DESCRIPTION OF THE TASK.
The data below holds a line containing "For (ii) \<Longrightarrow>" and a line containing "l *v v = l *s"; please quote exactly those two lines and every line between them, and nothing else.
BEGIN DATA FOR PROCESSING
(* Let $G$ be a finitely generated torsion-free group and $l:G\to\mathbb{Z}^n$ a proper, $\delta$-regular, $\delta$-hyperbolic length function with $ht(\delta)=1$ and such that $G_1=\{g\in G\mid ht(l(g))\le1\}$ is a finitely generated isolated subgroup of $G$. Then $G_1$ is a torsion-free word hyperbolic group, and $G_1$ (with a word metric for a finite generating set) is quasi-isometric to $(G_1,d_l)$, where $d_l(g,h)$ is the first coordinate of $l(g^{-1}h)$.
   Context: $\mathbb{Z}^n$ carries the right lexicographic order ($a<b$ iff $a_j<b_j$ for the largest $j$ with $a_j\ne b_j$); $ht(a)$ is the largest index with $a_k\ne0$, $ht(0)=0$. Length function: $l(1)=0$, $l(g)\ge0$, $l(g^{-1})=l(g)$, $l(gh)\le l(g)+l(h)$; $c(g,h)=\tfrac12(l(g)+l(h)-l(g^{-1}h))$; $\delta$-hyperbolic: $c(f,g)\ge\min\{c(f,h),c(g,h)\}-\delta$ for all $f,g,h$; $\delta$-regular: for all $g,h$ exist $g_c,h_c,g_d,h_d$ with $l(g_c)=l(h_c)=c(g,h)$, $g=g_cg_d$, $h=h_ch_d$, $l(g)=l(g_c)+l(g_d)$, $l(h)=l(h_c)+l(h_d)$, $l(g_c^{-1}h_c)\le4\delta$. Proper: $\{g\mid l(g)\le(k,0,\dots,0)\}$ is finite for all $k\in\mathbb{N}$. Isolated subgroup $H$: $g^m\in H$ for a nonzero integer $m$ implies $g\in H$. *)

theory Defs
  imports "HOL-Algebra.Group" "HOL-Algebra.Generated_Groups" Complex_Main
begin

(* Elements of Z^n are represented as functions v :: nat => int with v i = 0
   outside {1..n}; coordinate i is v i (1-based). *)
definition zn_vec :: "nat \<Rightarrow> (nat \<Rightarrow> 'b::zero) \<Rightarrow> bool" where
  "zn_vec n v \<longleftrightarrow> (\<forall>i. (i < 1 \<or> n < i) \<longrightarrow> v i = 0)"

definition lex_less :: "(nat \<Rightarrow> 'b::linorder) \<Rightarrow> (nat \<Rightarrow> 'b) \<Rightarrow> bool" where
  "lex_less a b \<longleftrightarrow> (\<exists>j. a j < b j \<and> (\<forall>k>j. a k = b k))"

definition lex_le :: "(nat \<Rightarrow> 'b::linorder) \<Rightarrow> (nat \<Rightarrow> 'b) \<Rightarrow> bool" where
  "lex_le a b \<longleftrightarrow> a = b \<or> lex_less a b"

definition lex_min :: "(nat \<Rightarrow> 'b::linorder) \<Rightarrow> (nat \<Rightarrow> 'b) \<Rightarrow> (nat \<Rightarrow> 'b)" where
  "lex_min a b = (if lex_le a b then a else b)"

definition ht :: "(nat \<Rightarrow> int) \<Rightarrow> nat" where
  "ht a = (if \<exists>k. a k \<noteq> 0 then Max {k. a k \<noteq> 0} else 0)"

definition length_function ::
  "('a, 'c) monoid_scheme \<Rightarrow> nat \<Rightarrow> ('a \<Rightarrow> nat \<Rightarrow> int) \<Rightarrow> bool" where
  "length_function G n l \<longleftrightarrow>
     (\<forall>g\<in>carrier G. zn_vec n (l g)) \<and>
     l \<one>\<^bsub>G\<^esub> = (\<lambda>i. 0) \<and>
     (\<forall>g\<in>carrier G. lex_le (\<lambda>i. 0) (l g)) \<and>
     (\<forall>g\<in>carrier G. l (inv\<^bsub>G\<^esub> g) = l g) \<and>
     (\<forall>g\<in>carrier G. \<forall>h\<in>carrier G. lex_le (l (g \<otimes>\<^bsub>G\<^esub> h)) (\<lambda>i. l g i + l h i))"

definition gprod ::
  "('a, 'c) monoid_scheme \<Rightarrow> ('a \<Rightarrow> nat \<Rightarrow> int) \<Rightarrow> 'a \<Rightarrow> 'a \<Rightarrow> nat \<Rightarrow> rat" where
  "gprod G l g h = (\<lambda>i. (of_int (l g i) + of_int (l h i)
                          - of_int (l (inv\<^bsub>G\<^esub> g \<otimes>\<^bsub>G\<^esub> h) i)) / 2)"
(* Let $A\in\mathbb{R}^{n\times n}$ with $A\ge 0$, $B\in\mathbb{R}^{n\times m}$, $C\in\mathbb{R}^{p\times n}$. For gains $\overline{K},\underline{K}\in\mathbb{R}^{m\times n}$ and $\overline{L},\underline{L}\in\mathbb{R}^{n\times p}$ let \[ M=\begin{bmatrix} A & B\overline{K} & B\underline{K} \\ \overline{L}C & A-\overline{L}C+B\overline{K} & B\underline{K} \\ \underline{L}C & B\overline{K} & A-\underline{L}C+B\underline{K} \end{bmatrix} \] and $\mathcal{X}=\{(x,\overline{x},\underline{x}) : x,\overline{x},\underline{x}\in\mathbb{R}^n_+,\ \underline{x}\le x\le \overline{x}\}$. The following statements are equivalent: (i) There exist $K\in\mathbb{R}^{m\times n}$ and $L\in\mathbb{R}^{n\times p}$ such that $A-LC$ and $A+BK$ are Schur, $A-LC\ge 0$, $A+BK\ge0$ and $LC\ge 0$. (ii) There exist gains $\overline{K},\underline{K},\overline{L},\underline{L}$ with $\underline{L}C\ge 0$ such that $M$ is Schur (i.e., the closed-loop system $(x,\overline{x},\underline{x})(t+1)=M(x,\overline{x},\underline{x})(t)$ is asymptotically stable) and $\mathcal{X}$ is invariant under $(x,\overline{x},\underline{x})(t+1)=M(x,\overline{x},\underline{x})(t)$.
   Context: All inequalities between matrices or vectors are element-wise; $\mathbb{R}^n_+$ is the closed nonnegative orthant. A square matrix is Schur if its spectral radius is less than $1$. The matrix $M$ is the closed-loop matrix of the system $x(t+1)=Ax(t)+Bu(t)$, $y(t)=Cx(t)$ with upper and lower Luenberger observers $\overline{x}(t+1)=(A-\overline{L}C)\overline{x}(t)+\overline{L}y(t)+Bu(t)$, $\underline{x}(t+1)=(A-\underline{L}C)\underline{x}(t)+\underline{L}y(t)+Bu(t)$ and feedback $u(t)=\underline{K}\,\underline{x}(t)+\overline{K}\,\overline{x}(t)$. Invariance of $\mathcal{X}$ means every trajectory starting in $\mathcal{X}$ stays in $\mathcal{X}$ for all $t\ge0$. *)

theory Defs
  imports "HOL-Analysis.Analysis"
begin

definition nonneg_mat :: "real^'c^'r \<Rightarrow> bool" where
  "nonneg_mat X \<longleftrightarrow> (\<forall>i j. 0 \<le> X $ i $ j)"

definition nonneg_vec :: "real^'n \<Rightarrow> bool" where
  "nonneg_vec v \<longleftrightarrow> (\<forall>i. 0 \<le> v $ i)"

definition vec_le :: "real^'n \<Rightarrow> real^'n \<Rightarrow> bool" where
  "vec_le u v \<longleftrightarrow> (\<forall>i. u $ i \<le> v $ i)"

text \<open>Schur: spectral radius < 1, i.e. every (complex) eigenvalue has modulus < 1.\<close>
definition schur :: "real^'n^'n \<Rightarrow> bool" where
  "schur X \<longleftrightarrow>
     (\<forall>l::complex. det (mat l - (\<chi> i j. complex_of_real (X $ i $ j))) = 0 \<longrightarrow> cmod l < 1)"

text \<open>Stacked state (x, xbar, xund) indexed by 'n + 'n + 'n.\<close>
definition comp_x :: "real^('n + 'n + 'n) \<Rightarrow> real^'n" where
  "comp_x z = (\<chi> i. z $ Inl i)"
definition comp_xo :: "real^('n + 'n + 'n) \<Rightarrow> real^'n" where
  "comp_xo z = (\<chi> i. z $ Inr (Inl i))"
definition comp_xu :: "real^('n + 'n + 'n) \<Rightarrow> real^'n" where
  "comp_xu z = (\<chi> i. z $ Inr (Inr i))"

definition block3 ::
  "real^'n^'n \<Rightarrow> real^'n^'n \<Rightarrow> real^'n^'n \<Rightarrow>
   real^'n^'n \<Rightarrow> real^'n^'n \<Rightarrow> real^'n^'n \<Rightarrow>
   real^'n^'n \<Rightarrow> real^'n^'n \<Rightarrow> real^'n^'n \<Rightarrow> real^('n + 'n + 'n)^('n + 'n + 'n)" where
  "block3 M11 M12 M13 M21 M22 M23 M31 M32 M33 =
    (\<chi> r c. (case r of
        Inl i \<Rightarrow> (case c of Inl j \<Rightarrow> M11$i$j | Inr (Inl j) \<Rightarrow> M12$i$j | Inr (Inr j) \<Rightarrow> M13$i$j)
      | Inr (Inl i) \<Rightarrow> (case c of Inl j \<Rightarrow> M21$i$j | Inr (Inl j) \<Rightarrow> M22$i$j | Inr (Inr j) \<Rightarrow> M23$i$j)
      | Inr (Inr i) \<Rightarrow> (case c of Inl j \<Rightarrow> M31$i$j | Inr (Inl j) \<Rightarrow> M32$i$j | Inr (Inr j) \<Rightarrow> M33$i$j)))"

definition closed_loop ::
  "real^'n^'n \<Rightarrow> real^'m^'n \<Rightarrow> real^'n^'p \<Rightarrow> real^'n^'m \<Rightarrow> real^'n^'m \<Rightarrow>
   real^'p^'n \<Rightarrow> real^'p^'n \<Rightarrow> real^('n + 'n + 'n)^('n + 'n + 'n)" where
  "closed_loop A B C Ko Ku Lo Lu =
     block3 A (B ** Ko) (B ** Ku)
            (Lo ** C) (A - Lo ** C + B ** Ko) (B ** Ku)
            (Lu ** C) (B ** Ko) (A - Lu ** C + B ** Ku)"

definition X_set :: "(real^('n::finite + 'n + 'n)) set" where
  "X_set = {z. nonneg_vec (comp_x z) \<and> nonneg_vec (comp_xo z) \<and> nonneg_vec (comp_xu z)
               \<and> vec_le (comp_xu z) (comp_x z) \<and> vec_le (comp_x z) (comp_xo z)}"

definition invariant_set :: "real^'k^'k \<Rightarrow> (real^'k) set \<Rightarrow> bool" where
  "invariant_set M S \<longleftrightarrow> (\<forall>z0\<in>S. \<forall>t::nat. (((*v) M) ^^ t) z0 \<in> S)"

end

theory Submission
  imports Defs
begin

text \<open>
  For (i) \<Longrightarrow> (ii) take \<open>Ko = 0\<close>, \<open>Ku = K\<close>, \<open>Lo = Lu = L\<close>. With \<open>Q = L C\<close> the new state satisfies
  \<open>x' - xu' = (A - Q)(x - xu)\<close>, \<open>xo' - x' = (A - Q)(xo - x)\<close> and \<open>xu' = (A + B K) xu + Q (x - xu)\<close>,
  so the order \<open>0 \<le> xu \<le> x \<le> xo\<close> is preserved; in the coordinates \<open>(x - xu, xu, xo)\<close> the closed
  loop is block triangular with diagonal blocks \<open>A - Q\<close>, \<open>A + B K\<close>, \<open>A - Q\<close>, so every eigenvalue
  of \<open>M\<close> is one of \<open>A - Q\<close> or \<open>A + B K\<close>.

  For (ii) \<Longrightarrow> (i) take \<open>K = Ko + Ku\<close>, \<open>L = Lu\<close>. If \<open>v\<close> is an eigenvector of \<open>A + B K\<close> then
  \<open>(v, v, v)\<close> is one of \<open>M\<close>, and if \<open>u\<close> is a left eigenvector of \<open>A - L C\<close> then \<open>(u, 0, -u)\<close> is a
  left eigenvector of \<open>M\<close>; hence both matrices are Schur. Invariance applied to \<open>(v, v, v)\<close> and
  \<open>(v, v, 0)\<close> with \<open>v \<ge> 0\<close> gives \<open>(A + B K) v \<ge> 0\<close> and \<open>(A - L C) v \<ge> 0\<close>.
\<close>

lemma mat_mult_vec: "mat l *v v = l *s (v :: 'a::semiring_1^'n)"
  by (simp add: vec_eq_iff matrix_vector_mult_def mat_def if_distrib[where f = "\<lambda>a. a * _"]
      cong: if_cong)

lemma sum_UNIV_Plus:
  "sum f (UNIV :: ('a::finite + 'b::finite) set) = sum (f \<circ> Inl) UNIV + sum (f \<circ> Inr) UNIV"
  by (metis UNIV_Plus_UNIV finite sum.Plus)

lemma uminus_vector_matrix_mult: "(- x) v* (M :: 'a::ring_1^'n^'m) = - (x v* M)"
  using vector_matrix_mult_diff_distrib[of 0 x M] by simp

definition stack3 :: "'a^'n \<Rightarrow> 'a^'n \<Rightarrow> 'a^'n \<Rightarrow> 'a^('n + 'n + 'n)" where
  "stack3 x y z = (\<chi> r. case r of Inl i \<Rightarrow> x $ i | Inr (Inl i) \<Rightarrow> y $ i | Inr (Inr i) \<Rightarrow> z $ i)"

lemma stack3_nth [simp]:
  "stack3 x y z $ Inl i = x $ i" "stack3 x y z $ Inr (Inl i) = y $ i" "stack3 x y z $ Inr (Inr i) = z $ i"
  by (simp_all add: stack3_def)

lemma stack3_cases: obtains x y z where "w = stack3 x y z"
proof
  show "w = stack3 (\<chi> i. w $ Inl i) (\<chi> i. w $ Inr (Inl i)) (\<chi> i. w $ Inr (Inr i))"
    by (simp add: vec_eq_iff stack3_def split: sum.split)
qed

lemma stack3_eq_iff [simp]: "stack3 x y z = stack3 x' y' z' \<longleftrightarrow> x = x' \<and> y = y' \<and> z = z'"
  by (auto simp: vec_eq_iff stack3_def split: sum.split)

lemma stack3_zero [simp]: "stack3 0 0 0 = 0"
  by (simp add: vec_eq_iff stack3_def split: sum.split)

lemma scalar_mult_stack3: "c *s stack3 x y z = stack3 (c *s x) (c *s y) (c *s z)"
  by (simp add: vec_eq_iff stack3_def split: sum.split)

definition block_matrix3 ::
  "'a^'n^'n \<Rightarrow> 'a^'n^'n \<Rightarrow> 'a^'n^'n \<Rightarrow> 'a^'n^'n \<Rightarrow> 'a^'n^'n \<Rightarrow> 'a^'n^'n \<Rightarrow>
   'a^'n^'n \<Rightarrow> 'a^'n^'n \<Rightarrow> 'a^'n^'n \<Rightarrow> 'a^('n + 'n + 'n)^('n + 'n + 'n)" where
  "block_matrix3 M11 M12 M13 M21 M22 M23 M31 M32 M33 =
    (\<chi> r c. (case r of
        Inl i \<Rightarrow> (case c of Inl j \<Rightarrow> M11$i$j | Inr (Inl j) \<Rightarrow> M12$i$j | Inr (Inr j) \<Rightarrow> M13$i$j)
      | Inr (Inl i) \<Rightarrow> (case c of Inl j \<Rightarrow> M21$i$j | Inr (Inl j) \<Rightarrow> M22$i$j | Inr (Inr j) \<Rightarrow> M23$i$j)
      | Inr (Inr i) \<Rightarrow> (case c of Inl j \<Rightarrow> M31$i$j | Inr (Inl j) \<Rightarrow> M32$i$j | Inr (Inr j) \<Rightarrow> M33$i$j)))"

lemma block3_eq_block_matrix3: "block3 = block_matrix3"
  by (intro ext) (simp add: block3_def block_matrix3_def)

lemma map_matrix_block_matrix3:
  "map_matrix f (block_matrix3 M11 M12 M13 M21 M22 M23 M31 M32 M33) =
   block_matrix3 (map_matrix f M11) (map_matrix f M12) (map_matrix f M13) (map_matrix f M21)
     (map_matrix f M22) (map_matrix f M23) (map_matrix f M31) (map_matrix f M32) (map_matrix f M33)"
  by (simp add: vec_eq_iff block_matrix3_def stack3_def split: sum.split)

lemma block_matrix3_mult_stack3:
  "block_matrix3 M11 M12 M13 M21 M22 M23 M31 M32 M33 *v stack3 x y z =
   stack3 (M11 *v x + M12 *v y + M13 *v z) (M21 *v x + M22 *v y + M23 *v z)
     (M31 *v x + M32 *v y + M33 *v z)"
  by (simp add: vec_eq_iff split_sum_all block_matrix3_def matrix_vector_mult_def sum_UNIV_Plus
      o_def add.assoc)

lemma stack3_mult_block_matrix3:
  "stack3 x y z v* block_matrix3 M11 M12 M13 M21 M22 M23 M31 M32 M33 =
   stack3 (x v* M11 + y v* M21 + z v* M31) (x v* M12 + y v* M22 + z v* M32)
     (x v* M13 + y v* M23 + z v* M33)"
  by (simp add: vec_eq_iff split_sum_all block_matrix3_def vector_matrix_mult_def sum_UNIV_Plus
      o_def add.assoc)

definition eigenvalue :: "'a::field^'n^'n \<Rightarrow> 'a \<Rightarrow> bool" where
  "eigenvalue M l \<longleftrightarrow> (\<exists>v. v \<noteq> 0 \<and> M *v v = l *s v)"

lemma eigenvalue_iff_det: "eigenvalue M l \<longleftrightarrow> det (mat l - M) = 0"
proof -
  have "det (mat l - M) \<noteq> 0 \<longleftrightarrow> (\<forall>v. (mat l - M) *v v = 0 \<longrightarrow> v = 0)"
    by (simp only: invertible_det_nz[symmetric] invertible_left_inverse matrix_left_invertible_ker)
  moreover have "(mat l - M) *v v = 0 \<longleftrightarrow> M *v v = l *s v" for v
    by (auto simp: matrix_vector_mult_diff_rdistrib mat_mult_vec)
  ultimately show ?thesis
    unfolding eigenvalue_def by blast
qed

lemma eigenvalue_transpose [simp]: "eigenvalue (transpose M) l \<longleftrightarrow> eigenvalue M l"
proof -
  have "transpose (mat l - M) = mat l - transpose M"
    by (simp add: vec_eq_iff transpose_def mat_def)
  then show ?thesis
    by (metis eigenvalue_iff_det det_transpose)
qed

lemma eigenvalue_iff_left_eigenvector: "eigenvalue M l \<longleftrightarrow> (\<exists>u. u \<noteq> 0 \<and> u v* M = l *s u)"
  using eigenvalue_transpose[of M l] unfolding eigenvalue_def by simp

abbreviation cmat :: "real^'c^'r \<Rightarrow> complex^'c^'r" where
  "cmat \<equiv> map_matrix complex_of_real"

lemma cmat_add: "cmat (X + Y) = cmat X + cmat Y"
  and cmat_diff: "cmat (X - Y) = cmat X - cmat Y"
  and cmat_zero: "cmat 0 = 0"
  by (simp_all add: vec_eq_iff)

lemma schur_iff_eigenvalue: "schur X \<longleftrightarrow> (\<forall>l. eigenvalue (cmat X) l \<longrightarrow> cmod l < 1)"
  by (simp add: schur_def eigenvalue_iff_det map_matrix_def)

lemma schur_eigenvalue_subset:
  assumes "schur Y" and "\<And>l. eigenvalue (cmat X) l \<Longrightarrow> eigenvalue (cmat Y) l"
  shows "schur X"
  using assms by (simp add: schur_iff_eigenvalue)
END DATA FOR PROCESSING
ANSWER BOX.
  For (ii) \<Longrightarrow> (i) take \<open>K = Ko + Ku\<close>, \<open>L = Lu\<close>. If \<open>v\<close> is an eigenvector of \<open>A + B K\<close> then
  \<open>(v, v, v)\<close> is one of \<open>M\<close>, and if \<open>u\<close> is a left eigenvector of \<open>A - L C\<close> then \<open>(u, 0, -u)\<close> is a
  left eigenvector of \<open>M\<close>; hence both matrices are Schur. Invariance applied to \<open>(v, v, v)\<close> and
  \<open>(v, v, 0)\<close> with \<open>v \<ge> 0\<close> gives \<open>(A + B K) v \<ge> 0\<close> and \<open>(A - L C) v \<ge> 0\<close>.
\<close>

lemma mat_mult_vec: "mat l *v v = l *s (v :: 'a::semiring_1^'n)"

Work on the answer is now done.